Like Dr. Lindsay, Dr. Seneff believes we need to immediately halt Covid vaccine campaigns. “This massive clinical trial on the general population could have devastating and irreversible effects on a huge number of people,” Seneff explains.
Despite these fertility and blood disorder concerns, the CDC panel voted last Friday to resume the use of the Johnson and Johnson vaccine. They did, however, suggest an FDA warning label be added. Their argument against halting COVID vaccination? The CDC believes the benefits outweigh the risks.
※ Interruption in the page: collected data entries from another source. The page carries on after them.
(* Let $n\ge1$, $k>0$ and $P\in\mathscr P_n$. Then for all $\alpha,\beta\in\mathbb C$ with $|\alpha|\le1$, $|\beta|\le1$, all $R>r\ge k$ and all $|z|=1$, $$\big|B[P\circ\sigma](z)+\Phi_k(R,r,\alpha,\beta)B[P\circ\rho](z)\big|\le\frac{1}{k^n}\big|R^n+r^n\Phi_k(R,r,\alpha,\beta)\big|\,|B[z^n]|\,\max_{|z|=k}|P(z)|.$$ Equality holds for $P(z)=az^n$, $a\ne0$.
   Context: For an integer $n\ge1$, $\mathscr P_n$ denotes the set of complex polynomials of degree at most $n$. Fix complex numbers $\lambda_0,\lambda_1,\lambda_2$ such that all zeros of $U(z)=\lambda_0+n\lambda_1 z+\frac{n(n-1)}{2}\lambda_2 z^2$ lie in the half-plane $\{z\in\mathbb C:|z|\le|z-n/2|\}$. The operator $B$ (of the class $\mathcal B_n$) sends $P\in\mathscr P_n$ to $B[P](z)=\lambda_0P(z)+\lambda_1\frac{nz}{2}P'(z)+\lambda_2\left(\frac{nz}{2}\right)^2\frac{P''(z)}{2!}$. For a polynomial $P$ and a map $\rho$, $P\circ\rho$ denotes $z\mapsto P(\rho(z))$, and $B[P\circ\rho](z)$ is $B$ applied to the polynomial $P\circ\rho$, evaluated at $z$. $B[z^n]$ denotes $B$ applied to the monomial $z\mapsto z^n$, evaluated at the point $z$ under consideration; thus $|B[z^n]|=|z|^n\,|\lambda_0+\lambda_1 n^2/2+\lambda_2 n^3(n-1)/8|$. For $k>0$, $R,r>0$ and $\alpha,\beta\in\mathbb C$: $\Phi_k(R,r,\alpha,\beta)=\beta\left\{\left(\frac{R+k}{k+r}\right)^n-|\alpha|\right\}-\alpha$; and $\sigma(z)=Rz$, $\rho(z)=rz$. *)

theory Defs
  imports "HOL-Analysis.Analysis" "HOL-Computational_Algebra.Polynomial"
begin

definition Bop :: "nat \<Rightarrow> complex \<Rightarrow> complex \<Rightarrow> complex \<Rightarrow> complex poly \<Rightarrow> complex \<Rightarrow> complex" where
  "Bop n l0 l1 l2 P z =
     l0 * poly P z
     + l1 * (of_nat n * z / 2) * poly (pderiv P) z
     + l2 * (of_nat n * z / 2)^2 * poly (pderiv (pderiv P)) z / 2"

definition Upoly :: "nat \<Rightarrow> complex \<Rightarrow> complex \<Rightarrow> complex \<Rightarrow> complex \<Rightarrow> complex" where
  "Upoly n l0 l1 l2 z = l0 + of_nat n * l1 * z + (of_nat n * (of_nat n - 1) / 2) * l2 * z^2"

definition Phi :: "nat \<Rightarrow> real \<Rightarrow> real \<Rightarrow> real \<Rightarrow> complex \<Rightarrow> complex \<Rightarrow> complex" where
  "Phi n k R r \<alpha> \<beta> = \<beta> * complex_of_real (((R + k) / (k + r))^n - cmod \<alpha>) - \<alpha>"

end

(*
  For a polynomial G of degree n with all zeros a_j in the open unit disc and |z| >= 1,
  B[G](z) = G(z) (l0 + l1 (n/2) e1(w) + l2 (n^2/4) e2(w)) with w_j = z/(z - a_j), and every
  w_j lies in the half-plane Re w > 1/2. On the diagonal w_1 = ... = w_n = x this symmetric
  form is U(n x/2), which has no zeros there; a Walsh-type coincidence argument, whose
  induction steps are Laguerre's theorem on polar derivatives, shows that the form has no
  zeros on the whole product of half-planes. Hence B[G](z) <> 0.

  Write T[Q] = B[Q o sigma](z) + Phi B[Q o rho](z). If the inequality failed, then
  mu = T[P] / T[z^n] satisfies |mu| k^n > max_{|w|=k} |P(w)|, so by the maximum modulus
  principle (applied to the reversed polynomial) F = P - mu z^n has degree n and all its zeros
  in |w| < k. Each linear factor satisfies |r x - a| (R+k) < |R x - a| (k+r) for |x| >= 1, and
  |Phi| <= ((R+k)/(k+r))^n, so F o sigma + Phi F o rho has degree n and no zeros in |x| >= 1.
  Thus T[F] <> 0, although T[F] = T[P] - mu T[z^n] = 0 by linearity.
*)

theory Submission
  imports
    Defs
    "HOL-Computational_Algebra.Fundamental_Theorem_Algebra"
    "HOL-Complex_Analysis.Conformal_Mappings"
begin

section \<open>Linear factors and logarithmic derivatives\<close>

fun esym2 :: "'a::comm_semiring_0 list \<Rightarrow> 'a" where
  "esym2 [] = 0"
| "esym2 (w # ws) = w * sum_list ws + esym2 ws"

lemma esym2_map_mult:
  fixes c :: "'a::comm_semiring_1"
  shows "esym2 (map (\<lambda>x. c * f x) xs) = c\<^sup>2 * esym2 (map f xs)"
  by (induction xs) (simp_all add: sum_list_const_mult, simp add: power2_eq_square algebra_simps)

lemma esym2_replicate:
  "esym2 (replicate m (x::'a::field_char_0)) = of_nat m * (of_nat m - 1) / 2 * x\<^sup>2"
  by (induction m) (simp_all add: sum_list_replicate power2_eq_square field_simps)

lemma complex_poly_factor_list:
  fixes p :: "complex poly"
  assumes "p \<noteq> 0"
  obtains zs where "length zs = degree p" "p = smult (lead_coeff p) (\<Prod>a\<leftarrow>zs. [:-a, 1:])"
    "\<And>a. a \<in> set zs \<Longrightarrow> poly p a = 0"
proof -
  obtain zs where zs: "mset zs = proots p" using ex_mset by blast
  have "p = smult (lead_coeff p) (\<Prod>a\<in>#proots p. [:-a, 1:])"
    by (rule complex_poly_decompose_multiset [symmetric])
  also have "(\<Prod>a\<in>#proots p. [:-a, 1:]) = (\<Prod>a\<leftarrow>zs. [:-a, 1:])"
    by (simp flip: zs prod_mset_prod_list)
  finally have "p = smult (lead_coeff p) (\<Prod>a\<leftarrow>zs. [:-a, 1:])" .
  moreover have "length zs = degree p"
    by (metis size_mset size_proots_complex zs)
  moreover have "poly p a = 0" if "a \<in> set zs" for a
  proof -
    have "a \<in># proots p" using that by (simp flip: zs)
    then show ?thesis using assms by simp
  qed
  ultimately show ?thesis using that by blast
qed

lemma pderiv_linear_factor_mult:
  fixes p :: "'a::idom poly"
  shows "pderiv ([:-a, 1:] * p) = [:-a, 1:] * pderiv p + p"
  by (subst pderiv_mult) (simp add: pderiv_pCons)

lemma poly_pderiv_linear_factor_mult:
  fixes p :: "'a::idom poly"
  shows "poly (pderiv ([:-a, 1:] * p)) z = (z - a) * poly (pderiv p) z + poly p z"
  by (simp only: pderiv_linear_factor_mult poly_add poly_mult) (simp add: algebra_simps)

lemma poly_pderiv_prod_linear:
  fixes zs :: "'a::field list"
  assumes "\<And>a. a \<in> set zs \<Longrightarrow> a \<noteq> z"
  shows "poly (pderiv (\<Prod>a\<leftarrow>zs. [:-a, 1:])) z
    = poly (\<Prod>a\<leftarrow>zs. [:-a, 1:]) z * (\<Sum>a\<leftarrow>zs. inverse (z - a))"
  using assms
proof (induction zs)
  case (Cons a zs)
  define g where "g = poly (\<Prod>a\<leftarrow>zs. [:-a, 1:]) z"
  have "z - a \<noteq> 0" using Cons.prems by auto
  moreover have "poly (pderiv (\<Prod>a\<leftarrow>zs. [:-a, 1:])) z = g * (\<Sum>a\<leftarrow>zs. inverse (z - a))"
    using Cons by (simp add: g_def)
  ultimately show ?case
    by (simp only: list.map prod_list.Cons sum_list.Cons poly_pderiv_linear_factor_mult)
      (simp add: g_def field_simps)
qed simp

lemma poly_pderiv2_prod_linear:
  fixes zs :: "'a::field list"
  assumes "\<And>a. a \<in> set zs \<Longrightarrow> a \<noteq> z"
  shows "poly (pderiv (pderiv (\<Prod>a\<leftarrow>zs. [:-a, 1:]))) z
    = 2 * poly (\<Prod>a\<leftarrow>zs. [:-a, 1:]) z * esym2 (map (\<lambda>a. inverse (z - a)) zs)"
  using assms
proof (induction zs)
  case (Cons a zs)
  define p where "p = (\<Prod>a\<leftarrow>zs. [:-a, 1:])"
  define E1 where "E1 = (\<Sum>a\<leftarrow>zs. inverse (z - a))"
  define E2 where "E2 = esym2 (map (\<lambda>a. inverse (z - a)) zs)"
  have "z - a \<noteq> 0" using Cons.prems by auto
  have D1: "poly (pderiv p) z = poly p z * E1"
    using Cons.prems poly_pderiv_prod_linear[of zs z] by (simp add: p_def E1_def)
  have D2: "poly (pderiv (pderiv p)) z = 2 * poly p z * E2"
    using Cons by (simp add: p_def E2_def)
  have "pderiv (pderiv ([:-a, 1:] * p)) = [:-a, 1:] * pderiv (pderiv p) + pderiv p + pderiv p"
    by (simp only: pderiv_linear_factor_mult pderiv_add)
  then have "poly (pderiv (pderiv ([:-a, 1:] * p))) z = (z - a) * (2 * poly p z * E2) + 2 * (poly p z * E1)"
    by (simp only: poly_add poly_mult D1 D2) (simp add: algebra_simps)
  also have "\<dots> = 2 * ((z - a) * poly p z) * (inverse (z - a) * E1 + E2)"
    using \<open>z - a \<noteq> 0\<close> by (simp add: field_simps)
  also have "(z - a) * poly p z = poly (\<Prod>a\<leftarrow>a # zs. [:-a, 1:]) z"
    by (simp add: p_def algebra_simps)
  finally show ?case by (simp add: p_def E1_def E2_def)
qed simp

section \<open>Laguerre's theorem for a half-plane\<close>

lemma Re_inverse_ge_iff:
  fixes a :: complex
  assumes "a \<noteq> 0"
  shows "d * (cmod (inverse a))\<^sup>2 \<le> Re (inverse a) \<longleftrightarrow> d \<le> Re a"
proof -
  have pos: "0 < (cmod a)\<^sup>2" using assms by simp
  have re: "Re (inverse a) = Re a / (cmod a)\<^sup>2" by (simp add: cmod_power2)
  have norm: "(cmod (inverse a))\<^sup>2 = 1 / (cmod a)\<^sup>2" by (simp add: norm_inverse power_inverse divide_inverse)
  show ?thesis unfolding re norm using pos by (simp add: divide_le_cancel)
qed

lemma norm_sum_sq_le_card_Re_sum:
  fixes v :: "'i \<Rightarrow> complex"
  assumes "0 \<le> d" and disc: "\<And>i. i \<in> I \<Longrightarrow> d * (cmod (v i))\<^sup>2 \<le> Re (v i)"
  shows "d * (cmod (sum v I))\<^sup>2 \<le> card I * Re (sum v I)"
proof -
  have "(cmod (sum v I))\<^sup>2 \<le> (\<Sum>i\<in>I. cmod (v i))\<^sup>2"
    by (intro power_mono norm_sum) simp
  also have "\<dots> \<le> (\<Sum>i\<in>I. (cmod (v i))\<^sup>2) * card I"
    by (rule sum_squared_le_sum_of_squares)
  finally have "d * (cmod (sum v I))\<^sup>2 \<le> d * ((\<Sum>i\<in>I. (cmod (v i))\<^sup>2) * card I)"
    using \<open>0 \<le> d\<close> by (rule mult_left_mono)
  also have "\<dots> = (\<Sum>i\<in>I. d * (cmod (v i))\<^sup>2) * card I"
    by (simp add: sum_distrib_left mult.assoc)
  also have "\<dots> \<le> (\<Sum>i\<in>I. Re (v i)) * card I"
    using disc by (intro mult_right_mono sum_mono) auto
  finally show ?thesis by (simp add: Re_sum mult.commute)
qed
Source: Jennifer Margulis Ph.D.
Dr. Janci Chunn Lindsay is the Director of Toxicology and Molecular Biology for Toxicology Support Services, LLC. She holds a doctorate in Biochemistry and Molecular Biology from the University of Texas Graduate School of Biomedical Sciences, M.D. Anderson Cancer Center-Houston. Dr. Lindsay has extensive experience in analyzing the molecular profile of pharmacologic responses. Her expertise centers on evaluating the complex dynamics of toxicity, such as toxicant pharmacology, exposure route, host metabolism, and subsequent cellular effects as they relate to the contribution of specific substances to impairment, health and fertility risk, and human disease.